Why Early Assessment Matters for K-8 Children
Academically exceptional children need to be recognized early in their educational journey in order to thrive.
Our school focuses on academically exceptional children as young as four years old, which is long before most schools even consider evaluating whether a child might be cognitively gifted. We do early evaluations because K-8 is a critical time in the learning curve for such gifted children. Academically exceptional children need to be recognized early in their educational journey in order to thrive.
“Almost without exception, experts in the field of education of the intellectually gifted agree that early identification of such talented students is important. There is a great deal of evidence to show that many gifted students who are not identified and whose needs are not met adequately at an early age become frustrated and disillusioned with school, falling into a pattern of low achievement and/or behavioral problems.” (Mills, C. J. (1992) Pediatrics 89 (1), Academically Talented Children: The Case for Early Identification and Nurturance, American Academy of Pediatrics.)
Mills, who served as Director of the Johns Hopkins Center for Talented Youth Research and Evaluation Department, goes on to observe: “if educational intervention does not take place at an early age...interest in learning may diminish and important study skills may not develop because the child is never challenged to think and work hard. If left alone, by the middle grades, the pattern of underachievement is a life style that is almost impossible to change.” This is borne out by high school drop-out rates.

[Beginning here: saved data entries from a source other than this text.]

(* Let $W$ be a layered wheel with rooted tree $T$, let $n\ge8$ be an integer and let $G$ be an $n$-vertex induced subgraph of $W$. Then either (i) there is some $u\in V(T)$ with at least $\frac n{16}$ and at most $\frac n4$ descendants in $V(G)$, such that every node $v\in V(T)$ in the same layer as $u$ has at most $\frac n4$ descendants in $V(G)$; or (ii) there is some $u\in V(T)$ and a child $u^+$ of $u$ such that the total number of descendants in $V(G)$ of all children of $u$ that lie strictly to the right of the leftmost child of $u$ and strictly to the left of $u^+$ is at least $\frac n{16}$ and at most $\frac n8$.
   Context: A layered wheel is a countably infinite graph $W$ on the same vertex set as a countably infinite, locally finite rooted tree $T$ embedded in the plane, such that: (1) for every natural number $n$, the set $L_n$ (layer) of nodes at distance $n$ from the root induces in $W$ a finite path visiting $L_n$ in the left-to-right order of the embedding (this order also orders the children of each node from left to right); edges inside layers form the set $E_L$; (2) every edge not in $E_L$ joins two nodes in ancestor–descendant relation in $T$; (3) there is a finite bound on the length of paths in $T$ consisting only of degree-$2$ nodes of $T$. A node is its own ancestor and descendant. *)

theory Defs
  imports Complex_Main "HOL-Library.Countable_Set"
begin

text \<open>A rooted tree T on vertex set V with root r is given by a parent map par:
  every vertex reaches r by iterating par.\<close>

definition depth :: "('a \<Rightarrow> 'a) \<Rightarrow> 'a \<Rightarrow> 'a \<Rightarrow> nat" where
  "depth par r v = (LEAST k. (par ^^ k) v = r)"

definition layer :: "'a set \<Rightarrow> ('a \<Rightarrow> 'a) \<Rightarrow> 'a \<Rightarrow> nat \<Rightarrow> 'a set" where
  "layer V par r n = {v \<in> V. depth par r v = n}"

A recent report sponsored by the Bill & Melinda Gates Foundation shows that an overwhelming percentage of high school drop outs actually had passing grades, and left because of lack of challenge and engaging curriculum. The Davidson Institute, a hotbed of research, advocacy, and education for profoundly-gifted children located in Reno, Nevada, notes that as many as 40 percent of all gifted students are underachievers and between 10 and 20 percent of all high school dropouts test in the gifted range. (See Rimm, S.B. (1997). Underachievement syndrome: A national epidemic. Colangelo, N., & Davis, G.A. (Eds.). Handbook of Gifted Education. San Francisco: Allyn and Bacon, pp. 416-434.) Earlier work by Joseph Renzulli of the University of Connecticut indicates that many gifted drop outs are from the groups who can least afford to waste intellectual capital: those from low socio-economic status, racial minorities, or with parents who had low levels of education. (Renzulli & Park (2000) Gifted Child Quarterly 44:4, Gifted Dropouts: The Who and the Why 261 et seq.)
Education expert Richard Riley, in the foreword to National Excellence: A Case for Developing America's Talent (1993), observed that "neglect for these students makes it impossible to compete in a global economy demanding their skills." However, the U.S. government has no mandate requiring programs for gifted students. The lack of state funding in California exacerbates the problem. Our state—which has 10% of the United States population—offers less to its academically talented students than nearly any other in the nation. The need for specialized educational programming for California's gifted students was the motivation behind the founding of GATE Academy.